| WHAT IS NEEDED |
The answer should consist solely of the lines from the first one below through the line containing "(\<lambda>k. norm (F 0", copied exactly.

### GIVEN RECORDS

lemma tendsto_at_infinity_of_inverse_bound:
  fixes f :: "real \<Rightarrow> 'a::real_normed_vector"
  assumes "eventually (\<lambda>k. norm (f k - l) \<le> C / \<bar>k\<bar>) at_infinity"
  shows "(f \<longlongrightarrow> l) at_infinity"
proof -
  have "((\<lambda>k::real. C / norm k) \<longlongrightarrow> 0) at_infinity"
    by (intro tendsto_divide_0[OF tendsto_const] filterlim_at_top_imp_at_infinity
        filterlim_at_infinity_imp_norm_at_top filterlim_ident)
  then have "((\<lambda>k. C / \<bar>k\<bar>) \<longlongrightarrow> 0) at_infinity"
    by simp
  with assms have "((\<lambda>k. f k - l) \<longlongrightarrow> 0) at_infinity"
    by (rule Lim_null_comparison)
  then show ?thesis by (rule LIM_zero_cancel)
qed

lemma jost_high_energy_limits:
  fixes Q :: "real \<Rightarrow> complex^'n::finite^'n" and F Fx :: "real \<Rightarrow> real \<Rightarrow> complex^'n^'n"
  assumes jost: "\<And>k. k \<noteq> 0 \<Longrightarrow> is_jost Q k (\<lambda>x. F x k) (\<lambda>x. Fx x k)"
    and Q: "Q absolutely_integrable_on {0..}"
  shows "((\<lambda>k. F 0 k) \<longlongrightarrow> mat 1) at_infinity"
    and "((\<lambda>k. (1 / k) *\<^sub>R Fx 0 k) \<longlongrightarrow> mat \<i>) at_infinity"
proof -
  define C where "C = 4 * real CARD('n) * integral {0..} (\<lambda>t. norm (Q t))"
  have large: "eventually (\<lambda>k::real. k \<noteq> 0 \<and> C \<le> \<bar>k\<bar>) at_infinity"
    unfolding eventually_at_infinity by (intro exI[of _ "max 1 C"]) auto
  show "((\<lambda>k. F 0 k) \<longlongrightarrow> mat 1) at_infinity"
  proof (intro tendsto_matrixI tendsto_at_infinity_of_inverse_bound)
    fix i j
    show "eventually (\<lambda>k. norm (F 0 k $ i $ j - mat 1 $ i $ j) \<le> C / \<bar>k\<bar>) at_infinity"
      using large by eventually_elim (use jost_bounds(1)[OF _ jost Q] in \<open>auto simp: C_def\<close>)
  qed
  show "((\<lambda>k. (1 / k) *\<^sub>R Fx 0 k) \<longlongrightarrow> mat \<i>) at_infinity"
  proof (intro tendsto_matrixI tendsto_at_infinity_of_inverse_bound)
    fix i j
    show "eventually (\<lambda>k. norm (((1 / k) *\<^sub>R Fx 0 k) $ i $ j - mat \<i> $ i $ j) \<le> C / \<bar>k\<bar>) at_infinity"
      using large
    proof eventually_elim
      case (elim k)
      have "((1 / k) *\<^sub>R Fx 0 k) $ i $ j - mat \<i> $ i $ j =
          (Fx 0 k $ i $ j - mat (\<i> * of_real k) $ i $ j) / of_real k"
        unfolding vector_scaleR_component using elim by (simp add: scaleR_conv_of_real mat_def field_simps)
      then show ?case
        using jost_bounds(2)[OF _ jost Q, of k i j] elim
        by (simp add: C_def norm_divide divide_right_mono)
    qed
  qed
qed

section \<open>The orthogonal projection onto ker(U + I)\<close>

lemma cinner_diff_left: "cinner (x - y) w = cinner x w - cinner y w"
  by (simp add: cinner_def sum_subtractf left_diff_distrib)

lemma cinner_scale_left: "cinner (c *s x) w = c * cinner x w"
  by (simp add: cinner_def sum_distrib_left mult.assoc)

lemma cinner_scale_right: "cinner x (c *s w) = cnj c * cinner x w"
  by (simp add: cinner_def sum_distrib_left algebra_simps)

lemma cinner_sum_left: "finite S \<Longrightarrow> cinner (\<Sum>j\<in>S. f j) w = (\<Sum>j\<in>S. cinner (f j) w)"
  by (induction S rule: finite_induct) (simp_all add: cinner_def sum.distrib distrib_right)

lemma Re_cinner: "Re (cinner x y) = inner x y"
  by (simp add: cinner_def inner_vec_def inner_complex_def Re_sum)

lemma cinner_self_eq_0: "cinner x x = 0 \<longleftrightarrow> x = 0"
proof
  assume "cinner x x = 0"
  then have "inner x x = 0" using Re_cinner[of x x] by simp
  then show "x = 0" by simp
qed (simp add: cinner_def)

lemma cinner_matrix_vector: "cinner (M *v v) w = cinner v (cadj M *v w)"
proof -
  have "cinner (M *v v) w = (\<Sum>i\<in>UNIV. \<Sum>j\<in>UNIV. M $ i $ j * v $ j * cnj (w $ i))"
    by (simp add: cinner_def matrix_vector_mult_def sum_distrib_right)
  also have "\<dots> = (\<Sum>j\<in>UNIV. \<Sum>i\<in>UNIV. M $ i $ j * v $ j * cnj (w $ i))"
    by (rule sum.swap)
  also have "\<dots> = cinner v (cadj M *v w)"
    by (simp add: cinner_def matrix_vector_mult_def cadj_def sum_distrib_left mult_ac)
  finally show ?thesis .
qed

lemma cinner_eq_0_if_orthogonal:
  assumes "orthogonal z w" "orthogonal z (\<i> *s w)"
  shows "cinner z w = 0"
  using assms Re_cinner[of z w] Re_cinner[of z "\<i> *s w"]
  by (simp add: orthogonal_def cinner_scale_right complex_eq_iff)

definition orth_proj_on :: "(complex^'n::finite) set \<Rightarrow> 'n cmat \<Rightarrow> bool" where
  "orth_proj_on K P \<longleftrightarrow> (\<forall>v. P *v v \<in> K \<and> (\<forall>w\<in>K. cinner (v - P *v v) w = 0))"

lemma orth_proj_kerUI_eq: "orth_proj_kerUI U = (THE P. orth_proj_on (kerUI U) P)"
  by (simp add: orth_proj_kerUI_def orth_proj_on_def)

lemma orth_decomp_unique:
  assumes K: "subspace K" and u: "u1 \<in> K" "u2 \<in> K"
    and orth: "\<forall>w\<in>K. cinner (v - u1) w = 0" "\<forall>w\<in>K. cinner (v - u2) w = 0"
  shows "u1 = u2"
proof -
  have "u1 - u2 \<in> K" using K u by (simp add: subspace_diff)
  then have "cinner (u1 - u2) (u1 - u2) = cinner (v - u2) (u1 - u2) - cinner (v - u1) (u1 - u2)"
    by (simp add: cinner_diff_left)
  also have "\<dots> = 0" using orth \<open>u1 - u2 \<in> K\<close> by simp
  finally show ?thesis by (simp add: cinner_self_eq_0)
qed

lemma orth_proj_on_apply:
  assumes "orth_proj_on K P" "subspace K" "u \<in> K" "\<forall>w\<in>K. cinner (v - u) w = 0"
  shows "P *v v = u"
  using assms orth_decomp_unique[OF assms(2), of "P *v v" u v] unfolding orth_proj_on_def by blast

lemma orth_proj_on_unique:
  assumes K: "subspace K" and P1: "orth_proj_on K P1" and P2: "orth_proj_on K P2"
  shows "P1 = P2"
  unfolding matrix_eq
proof
  fix v
  have "P2 *v v \<in> K" "\<forall>w\<in>K. cinner (v - P2 *v v) w = 0"
    using P2 unfolding orth_proj_on_def by blast+
  then show "P1 *v v = P2 *v v" by (rule orth_proj_on_apply[OF P1 K])
qed
text \<open>The case k = 1 of the Erdos-Gallai inequalities: a vertex of maximum degree and its
  neighbours all have positive degree.\<close>
lemma Delta_deg_seq_1_nonneg:
  assumes g: "simple_graph V E" and "V \<noteq> {}"
  shows "0 \<le> Delta (deg_seq V E) 1"
proof -
  let ?d = "deg_seq V E" and ?n = "card V"
  have fin: "finite V" using simple_graph_finite[OF g] .
  have n: "1 \<le> ?n" using fin \<open>V \<noteq> {}\<close> by (simp add: Suc_le_eq card_gt_0_iff)
  then have "?d ! 0 \<in> set ?d" using length_deg_seq[of V E] by simp
  then obtain v0 where v0: "v0 \<in> V" "dd ?d 1 = int (degree E v0)"
    using set_deg_seq[OF fin, of E] by (auto simp: dd_def)
  have "int (degree E v0) + min 1 (int (degree E v0)) \<le> (\<Sum>v\<in>V. min 1 (int (degree E v)))"
  proof (cases "degree E v0 = 0")
    case True
    then show ?thesis by (simp add: sum_nonneg)
  next
    case False
    define N where "N = {u\<in>V. u \<noteq> v0 \<and> {v0, u} \<in> E}"
    have "finite N" "v0 \<notin> N" using fin unfolding N_def by auto
    have "\<forall>v\<in>insert v0 N. min 1 (int (degree E v)) = 1"
      using False degree_ge_1_if_edge[OF g v0(1)] unfolding N_def by auto
    moreover have "card N = degree E v0"
      using degree_eq_card_adjacent[OF g v0(1)] unfolding N_def by simp
    ultimately have "(\<Sum>v\<in>insert v0 N. min 1 (int (degree E v))) = int (degree E v0) + 1"
      using \<open>finite N\<close> \<open>v0 \<notin> N\<close> by simp
    moreover have "(\<Sum>v\<in>insert v0 N. min 1 (int (degree E v))) \<le> (\<Sum>v\<in>V. min 1 (int (degree E v)))"
      using fin v0(1) unfolding N_def by (intro sum_mono2) auto
    ultimately show ?thesis using False by simp
  qed
  moreover have "(\<Sum>i\<in>{1..?n}. min 1 (dd ?d i)) = min 1 (dd ?d 1) + (\<Sum>i\<in>{2..?n}. min 1 (dd ?d i))"
    using sum_split_Icc[of 0 1 ?n "\<lambda>i. min 1 (dd ?d i)"] n by (simp add: numeral_2_eq_2)
  moreover have "Delta ?d 1 = (\<Sum>i\<in>{2..?n}. min 1 (dd ?d i)) - dd ?d 1"
    unfolding Delta_def length_deg_seq by (simp add: numeral_2_eq_2)
  ultimately show ?thesis using sum_dd_deg_seq[of "min 1" V E] v0(2) by simp
qed
(* Every GO-space is $C$-selective.
   Context: All spaces are assumed $T_1$. A GO-space (generalized ordered space) is a linearly ordered set with a topology finer than the order topology that has a base of order-convex sets (equivalently, a subspace of a linearly ordered topological space). For spaces $Y$, $X$, a map $\varphi:Y\to\mathcal P(X)\setminus\{\emptyset\}$ is lower semicontinuous (l.s.c.) if $\{y:\varphi(y)\cap U\neq\emptyset\}$ is open in $Y$ for every open $U\subseteq X$; a selection is a map $f:Y\to X$ with $f(y)\in\varphi(y)$ for all $y$. $X$ is $Y$-selective if every l.s.c. map from $Y$ to the family of nonempty closed subsets of $X$ has a continuous selection; $X$ is $C$-selective if it is $Y$-selective for every countable regular space $Y$. *)

theory Defs
  imports "HOL-Analysis.Analysis"
begin

definition linear_order_on_set :: "'a set \<Rightarrow> ('a \<Rightarrow> 'a \<Rightarrow> bool) \<Rightarrow> bool" where
  "linear_order_on_set S le \<longleftrightarrow>
     (\<forall>x\<in>S. le x x) \<and>
     (\<forall>x\<in>S. \<forall>y\<in>S. le x y \<and> le y x \<longrightarrow> x = y) \<and>
     (\<forall>x\<in>S. \<forall>y\<in>S. \<forall>z\<in>S. le x y \<and> le y z \<longrightarrow> le x z) \<and>
     (\<forall>x\<in>S. \<forall>y\<in>S. le x y \<or> le y x)"

definition order_convex :: "'a set \<Rightarrow> ('a \<Rightarrow> 'a \<Rightarrow> bool) \<Rightarrow> 'a set \<Rightarrow> bool" where
  "order_convex S le V \<longleftrightarrow>
     (\<forall>a\<in>V. \<forall>c\<in>V. \<forall>b\<in>S. le a b \<and> le b c \<longrightarrow> b \<in> V)"

text \<open>GO-space: linearly ordered set whose topology is finer than the order topology
  (i.e. all open rays are open) and has a base of order-convex open sets.\<close>
definition go_space :: "'a topology \<Rightarrow> ('a \<Rightarrow> 'a \<Rightarrow> bool) \<Rightarrow> bool" where
  "go_space X le \<longleftrightarrow>
     linear_order_on_set (topspace X) le \<and>
     (\<forall>a\<in>topspace X. openin X {x\<in>topspace X. le x a \<and> x \<noteq> a} \<and>
                       openin X {x\<in>topspace X. le a x \<and> x \<noteq> a}) \<and>
     (\<forall>U x. openin X U \<and> x \<in> U \<longrightarrow>
        (\<exists>V. openin X V \<and> order_convex (topspace X) le V \<and> x \<in> V \<and> V \<subseteq> U))"

definition lsc :: "'b topology \<Rightarrow> 'a topology \<Rightarrow> ('b \<Rightarrow> 'a set) \<Rightarrow> bool" where
  "lsc Y X \<phi> \<longleftrightarrow>
     (\<forall>U. openin X U \<longrightarrow> openin Y {y\<in>topspace Y. \<phi> y \<inter> U \<noteq> {}})"

definition selective :: "'b topology \<Rightarrow> 'a topology \<Rightarrow> bool" where
  "selective Y X \<longleftrightarrow>
     (\<forall>\<phi>. (\<forall>y\<in>topspace Y. closedin X (\<phi> y) \<and> \<phi> y \<noteq> {}) \<and> lsc Y X \<phi> \<longrightarrow>
        (\<exists>f. continuous_map Y X f \<and> (\<forall>y\<in>topspace Y. f y \<in> \<phi> y)))"

end

theory Submission
  imports Defs
begin
lemma resolvent_tendsto:
  fixes H :: "'a::{complex_normed_vector,complete_space} \<Rightarrow>\<^sub>L 'a"
  assumes H: "clinear_op H" and z: "z \<notin> op_spectrum H"
  shows "((\<lambda>w. resolvent H w) \<longlongrightarrow> resolvent H z) (at z)"
proof -
  define N where "N = norm (resolvent H z)"
  have N0: "N \<ge> 0" by (simp add: N_def)
  have "((\<lambda>w. cmod (w - z) * N) \<longlongrightarrow> 0) (at z)"
    by (auto intro!: tendsto_eq_intros)
  then have ev: "eventually (\<lambda>w. cmod (w - z) * N < 1/2) (at z)"
    by (rule order_tendstoD) simp
  have "eventually (\<lambda>w. norm (resolvent H w - resolvent H z)
      \<le> cmod (w - z) * (2 * N * N)) (at z)"
    using ev
  proof eventually_elim
    case (elim w)
    have R_small: "cmod (w - z) * norm (resolvent H z) < 1" using elim N_def by simp
    have w: "w \<notin> op_spectrum H" using resolvent_perturbation(1)[OF H z R_small] .
    have nw: "norm (resolvent H w) \<le> N / (1 - cmod (w - z) * N)"
      using resolvent_perturbation(2)[OF H z R_small] N_def by simp
    also have "\<dots> \<le> N / (1/2)"
    proof (rule divide_left_mono[OF _ N0])
      show "1/2 \<le> 1 - cmod (w - z) * N" using elim by simp
      show "0 < (1 - cmod (w - z) * N) * (1/2)" using elim by simp
    qed
    also have "\<dots> = 2 * N" by simp
    finally have nw2: "norm (resolvent H w) \<le> 2 * N" .
    have "norm (resolvent H w - resolvent H z) \<le> cmod (w - z) * norm (resolvent H w) * N"
      using norm_resolvent_diff_le[OF H z w] N_def by simp
    also have "\<dots> \<le> cmod (w - z) * (2 * N) * N"
      by (intro mult_right_mono mult_left_mono nw2) (auto simp: N0)
    finally show ?case by (simp add: mult.assoc)
  qed
  moreover have "((\<lambda>w. cmod (w - z) * (2 * N * N)) \<longlongrightarrow> 0) (at z)"
    by (auto intro!: tendsto_eq_intros)
  ultimately have "((\<lambda>w. resolvent H w - resolvent H z) \<longlongrightarrow> 0) (at z)"
    by (rule Lim_null_comparison)
  then show ?thesis by (simp add: LIM_zero_iff)
qed

lemma holomorphic_resolvent_coeff:
  fixes H A :: "'a::{complex_inner,complete_space} \<Rightarrow>\<^sub>L 'a"
  assumes H: "clinear_op H" and A: "clinear_op A" and S: "open S" "S \<inter> op_spectrum H = {}"
  shows "(\<lambda>z. cinner a (blinfun_apply A (blinfun_apply (resolvent H z) b))) holomorphic_on S"
  unfolding holomorphic_on_open[OF S(1)]
proof
  fix z assume zS: "z \<in> S"
  then have z: "z \<notin> op_spectrum H" using S by auto
  define f where "f w = cinner a (blinfun_apply A (blinfun_apply (resolvent H w) b))" for w
  have lim: "((\<lambda>w. cinner a (blinfun_apply A (blinfun_apply (resolvent H w) (blinfun_apply
      (resolvent H z) b))))
      \<longlongrightarrow> cinner a (blinfun_apply A (blinfun_apply (resolvent H z) (blinfun_apply
          (resolvent H z) b)))) (at z)"
    by (intro tendsto_intros resolvent_tendsto[OF H z])
  have ev: "eventually (\<lambda>w. cinner a (blinfun_apply A (blinfun_apply (resolvent H w)
      (blinfun_apply (resolvent H z) b)))
      = (f w - f z) / (w - z)) (at z)"
    using eventually_at_in_open[OF S(1) zS]
  proof eventually_elim
    case (elim w)
    then have w: "w \<notin> op_spectrum H" and wz: "w \<noteq> z" using S by auto
    have "f w - f z = cinner a (blinfun_apply A (blinfun_apply (resolvent H w) b - blinfun_apply
        (resolvent H z) b))"
      by (simp add: f_def cinner_diff_right blinfun.diff_right)
    also have "\<dots>
        = (w - z) * cinner a (blinfun_apply A (blinfun_apply (resolvent H w) (blinfun_apply
        (resolvent H z) b)))"
      by (simp add: resolvent_identity[OF H z w] clinear_opD[OF A] cinner_scaleC_right)
    finally show ?case using wz by simp
  qed
  have "(f has_field_derivative cinner a (blinfun_apply A (blinfun_apply (resolvent H z)
      (blinfun_apply (resolvent H z) b)))) (at z)"
    unfolding has_field_derivative_iff by (rule Lim_transform_eventually[OF lim ev])
  then show "\<exists>f'. ((\<lambda>z. cinner a (blinfun_apply A (blinfun_apply (resolvent H z)
      b))) has_field_derivative f') (at z)"
    unfolding f_def by blast
qed

lemma holomorphic_resolvent_sandwich_coeff:
  fixes H B :: "'a::{complex_inner,complete_space} \<Rightarrow>\<^sub>L 'a"
  assumes H: "clinear_op H" and B: "clinear_op B" and S: "open S" "S \<inter> op_spectrum H = {}"
  shows "(\<lambda>z. cinner a (blinfun_apply (resolvent H z) (blinfun_apply B (blinfun_apply
      (resolvent H z) b)))) holomorphic_on S"
  unfolding holomorphic_on_open[OF S(1)]
proof
  fix z assume zS: "z \<in> S"
  then have z: "z \<notin> op_spectrum H" using S by auto
  define R where "R w = resolvent H w" for w
  define f where "f w = cinner a (blinfun_apply (R w) (blinfun_apply B (blinfun_apply (R w) b)))" for w
  define g where "g w
      = cinner a (blinfun_apply (R w) (blinfun_apply (R z) (blinfun_apply B (blinfun_apply (R w) b)))
       + blinfun_apply (R z) (blinfun_apply B (blinfun_apply (R w) (blinfun_apply (R z) b))))" for w
  have lim: "(g \<longlongrightarrow> g z) (at z)"
    unfolding g_def R_def by (intro tendsto_intros resolvent_tendsto[OF H z])
  have ev: "eventually (\<lambda>w. g w = (f w - f z) / (w - z)) (at z)"
    using eventually_at_in_open[OF S(1) zS]
  proof eventually_elim
    case (elim w)
    then have w: "w \<notin> op_spectrum H" and wz: "w \<noteq> z" using S by auto
    have Rz: "clinear_op (R z)" unfolding R_def by (rule clinear_op_resolvent[OF H z])
    have d1: "blinfun_apply (R w) y - blinfun_apply (R z) y
        = (w - z) *\<^sub>C blinfun_apply (R w) (blinfun_apply (R z) y)" for y
      unfolding R_def by (rule resolvent_identity[OF H z w])
    have "blinfun_apply (R w) (blinfun_apply B (blinfun_apply (R w) b)) - blinfun_apply (R z)
        (blinfun_apply B (blinfun_apply (R z) b))
        = (blinfun_apply (R w) (blinfun_apply B (blinfun_apply (R w) b)) - blinfun_apply (R z)
            (blinfun_apply B (blinfun_apply (R w) b)))
          + blinfun_apply (R z) (blinfun_apply B (blinfun_apply (R w) b - blinfun_apply (R z) b))"
      by (simp add: blinfun.diff_right)
    also have "\<dots>
        = (w - z) *\<^sub>C (blinfun_apply (R w) (blinfun_apply (R z) (blinfun_apply B
        (blinfun_apply (R w) b)))
       + blinfun_apply (R z) (blinfun_apply B (blinfun_apply (R w) (blinfun_apply (R z) b))))"
      by (simp add: d1 clinear_opD[OF B] clinear_opD[OF Rz] scaleC_add_right)
    finally have "f w - f z = (w - z) * g w"
      by (simp add: f_def g_def cinner_diff_right[symmetric] cinner_scaleC_right)
    then show ?case using wz by simp
  qed
  have "(f has_field_derivative g z) (at z)"
    unfolding has_field_derivative_iff by (rule Lim_transform_eventually[OF lim ev])
  then show "\<exists>f'. ((\<lambda>z. cinner a (blinfun_apply (resolvent H z) (blinfun_apply B
      (blinfun_apply (resolvent H z) b)))) has_field_derivative f') (at z)"
    unfolding f_def R_def by blast
qed
(* Assume $J$ satisfies (J). The following are equivalent: (i) $\int_0^\infty J(r)r^Ndr<\infty$; (ii) $\int_0^\infty J_*(l)\,l\,dl<\infty$; (iii) $\limsup_{R\to\infty}\int_0^R\int_R^\infty\tilde J(r,\rho)\,d\rho\,dr<\infty$; (iv) $\limsup_{R\to\infty}\int_0^R\int_R^\infty(r/R)^{N-1}\tilde J(r,\rho)\,d\rho\,dr<\infty$. Moreover, when these hold, $\int_0^\infty J_*(l)l\,dl=\lim_{R\to\infty}\int_0^R\int_R^\infty\tilde J(r,\rho)d\rho dr=\lim_{R\to\infty}\int_0^R\int_R^\infty(r/R)^{N-1}\tilde J(r,\rho)d\rho dr$.
   Context: $N\ge2$, $B_\rho=\{|x|<\rho\}\subset\mathbb R^N$. (J): $J\in C(\mathbb R_+)\cap L^\infty(\mathbb R_+)$, $J\ge0$, $J(0)>0$, $\int_{\mathbb R^N}J(|x|)dx=1$. $\tilde J(r,\rho)=\int_{\partial B_\rho}J(|x-y|)dS_y$ for $|x|=r$. $J_*(l)=\int_{\mathbb R^{N-1}}J(|(l,x')|)dx'$, $l\in\mathbb R$. *)

theory Defs
  imports "HOL-Analysis.Analysis" "HOL-Probability.Probability"
begin

text \<open>R^k is rendered as the product measure space of functions on {..<k}
  (extensional functions, measure = k-fold product of Lebesgue measure).\<close>

definition Rn :: "nat \<Rightarrow> (nat \<Rightarrow> real) measure" where
  "Rn k = PiM {..<k} (\<lambda>_. lborel)"

definition enorm :: "nat \<Rightarrow> (nat \<Rightarrow> real) \<Rightarrow> real" where
  "enorm k x = sqrt (\<Sum>i<k. (x i)^2)"

text \<open>Surface integral over the sphere of radius rho in R^N, via the cone-measure
  formula: int_{|y|=rho} g dS = (N/rho) int_{|z|<rho} g(rho z/|z|) dz.\<close>

definition sphere_integral ::
  "nat \<Rightarrow> real \<Rightarrow> ((nat \<Rightarrow> real) \<Rightarrow> ennreal) \<Rightarrow> ennreal" where
  "sphere_integral N \<rho> g =
     ennreal (real N / \<rho>) *
     (\<integral>\<^sup>+ z. g (\<lambda>i\<in>{..<N}. \<rho> * z i / enorm N z) * indicator {z. enorm N z < \<rho>} z \<partial>Rn N)"

definition pt :: "nat \<Rightarrow> real \<Rightarrow> (nat \<Rightarrow> real)" where
  "pt N r = (\<lambda>i\<in>{..<N}. if i = 0 then r else 0)"

definition Jtilde :: "nat \<Rightarrow> (real \<Rightarrow> real) \<Rightarrow> real \<Rightarrow> real \<Rightarrow> ennreal" where
  "Jtilde N J r \<rho> =
     sphere_integral N \<rho> (\<lambda>y. ennreal (J (enorm N (\<lambda>i. pt N r i - y i))))"

definition Jstar :: "nat \<Rightarrow> (real \<Rightarrow> real) \<Rightarrow> real \<Rightarrow> ennreal" where
  "Jstar N J l = (\<integral>\<^sup>+ x'. ennreal (J (sqrt (l^2 + (enorm (N - 1) x')^2))) \<partial>Rn (N - 1))"

definition dbl :: "nat \<Rightarrow> (real \<Rightarrow> real) \<Rightarrow> (real \<Rightarrow> real \<Rightarrow> real) \<Rightarrow> real \<Rightarrow> ennreal" where
  "dbl N J w R =
     (\<integral>\<^sup>+ r. (\<integral>\<^sup>+ \<rho>. ennreal (w r R) * Jtilde N J r \<rho> * indicator {R..} \<rho> \<partial>lborel)
              * indicator {0..R} r \<partial>lborel)"

end

theory Submission
  imports Defs
begin

text \<open>Put \<open>x = (r, 0, \<dots>, 0)\<close> and \<open>z = x - y\<close>.  By polar coordinates and Fubini the double
  integral becomes \<open>\<integral> J(|z|) m\<^sub>R(z) dz\<close>, where \<open>m\<^sub>R(z)\<close> is the weighted length of the set
  of \<open>r \<in> [0, R]\<close> with \<open>|x - z| \<ge> R\<close>.  Elementary geometry squeezes \<open>m\<^sub>R(z)\<close> between
  \<open>(1 - b/R)^(N-1) b\<close> and a quantity \<open>u\<^sub>R(z) \<le> |z|\<close> decreasing to \<open>b\<close>, where
  \<open>b = max 0 (- z\<^sub>1)\<close>.  Monotone convergence then shows that the double integrals
  tend to \<open>K = \<integral> J(|z|) max 0 (- z\<^sub>1) dz\<close> (from above this needs \<open>\<integral> J(|z|) |z| dz < \<infinity>\<close>),
  and that their limsup is finite only if \<open>K\<close> is.  Integrating out \<open>z'\<close> gives
  \<open>K = \<integral>\<^sub>0\<^sup>\<infinity> J\<^sub>*(l) l dl\<close>.  Finally \<open>K\<close> is finite iff \<open>\<integral> J(r) r\<^sup>N dr\<close> is: on one side
  \<open>K \<le> \<integral> J(|z|) |z| dz = N |B\<^sub>1| \<integral> J(r) r\<^sup>N dr\<close>, on the other side \<open>max 0 (- z\<^sub>1) \<ge> |z|/2\<close>
  on the cone \<open>|z| \<le> -2 z\<^sub>1\<close>, which has positive measure.\<close>

section \<open>Polar coordinates\<close>

interpretation lborel_product: product_sigma_finite "\<lambda>_::nat. lborel::real measure"
  by standard

abbreviation lborel_Pi :: "nat set \<Rightarrow> (nat \<Rightarrow> real) measure" where
  "lborel_Pi I \<equiv> PiM I (\<lambda>_. lborel)"

text \<open>The measure \<^const>\<open>Rn\<close>, unfolded so that the measurability prover sees the product.\<close>

abbreviation RN :: "nat \<Rightarrow> (nat \<Rightarrow> real) measure" where
  "RN N \<equiv> lborel_Pi {..<N}"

######

| EXERCISE RESULT |
lemma tendsto_at_infinity_of_inverse_bound:
  fixes f :: "real \<Rightarrow> 'a::real_normed_vector"
  assumes "eventually (\<lambda>k. norm (f k - l) \<le> C / \<bar>k\<bar>) at_infinity"
  shows "(f \<longlongrightarrow> l) at_infinity"
proof -
  have "((\<lambda>k::real. C / norm k) \<longlongrightarrow> 0) at_infinity"
    by (intro tendsto_divide_0[OF tendsto_const] filterlim_at_top_imp_at_infinity
        filterlim_at_infinity_imp_norm_at_top filterlim_ident)
  then have "((\<lambda>k. C / \<bar>k\<bar>) \<longlongrightarrow> 0) at_infinity"
    by simp
  with assms have "((\<lambda>k. f k - l) \<longlongrightarrow> 0) at_infinity"
    by (rule Lim_null_comparison)
  then show ?thesis by (rule LIM_zero_cancel)
qed

lemma jost_high_energy_limits:
  fixes Q :: "real \<Rightarrow> complex^'n::finite^'n" and F Fx :: "real \<Rightarrow> real \<Rightarrow> complex^'n^'n"
  assumes jost: "\<And>k. k \<noteq> 0 \<Longrightarrow> is_jost Q k (\<lambda>x. F x k) (\<lambda>x. Fx x k)"
    and Q: "Q absolutely_integrable_on {0..}"
  shows "((\<lambda>k. F 0 k) \<longlongrightarrow> mat 1) at_infinity"
    and "((\<lambda>k. (1 / k) *\<^sub>R Fx 0 k) \<longlongrightarrow> mat \<i>) at_infinity"
proof -
  define C where "C = 4 * real CARD('n) * integral {0..} (\<lambda>t. norm (Q t))"
  have large: "eventually (\<lambda>k::real. k \<noteq> 0 \<and> C \<le> \<bar>k\<bar>) at_infinity"
    unfolding eventually_at_infinity by (intro exI[of _ "max 1 C"]) auto
  show "((\<lambda>k. F 0 k) \<longlongrightarrow> mat 1) at_infinity"
  proof (intro tendsto_matrixI tendsto_at_infinity_of_inverse_bound)
    fix i j
    show "eventually (\<lambda>k. norm (F 0 k $ i $ j - mat 1 $ i $ j) \<le> C / \<bar>k\<bar>) at_infinity"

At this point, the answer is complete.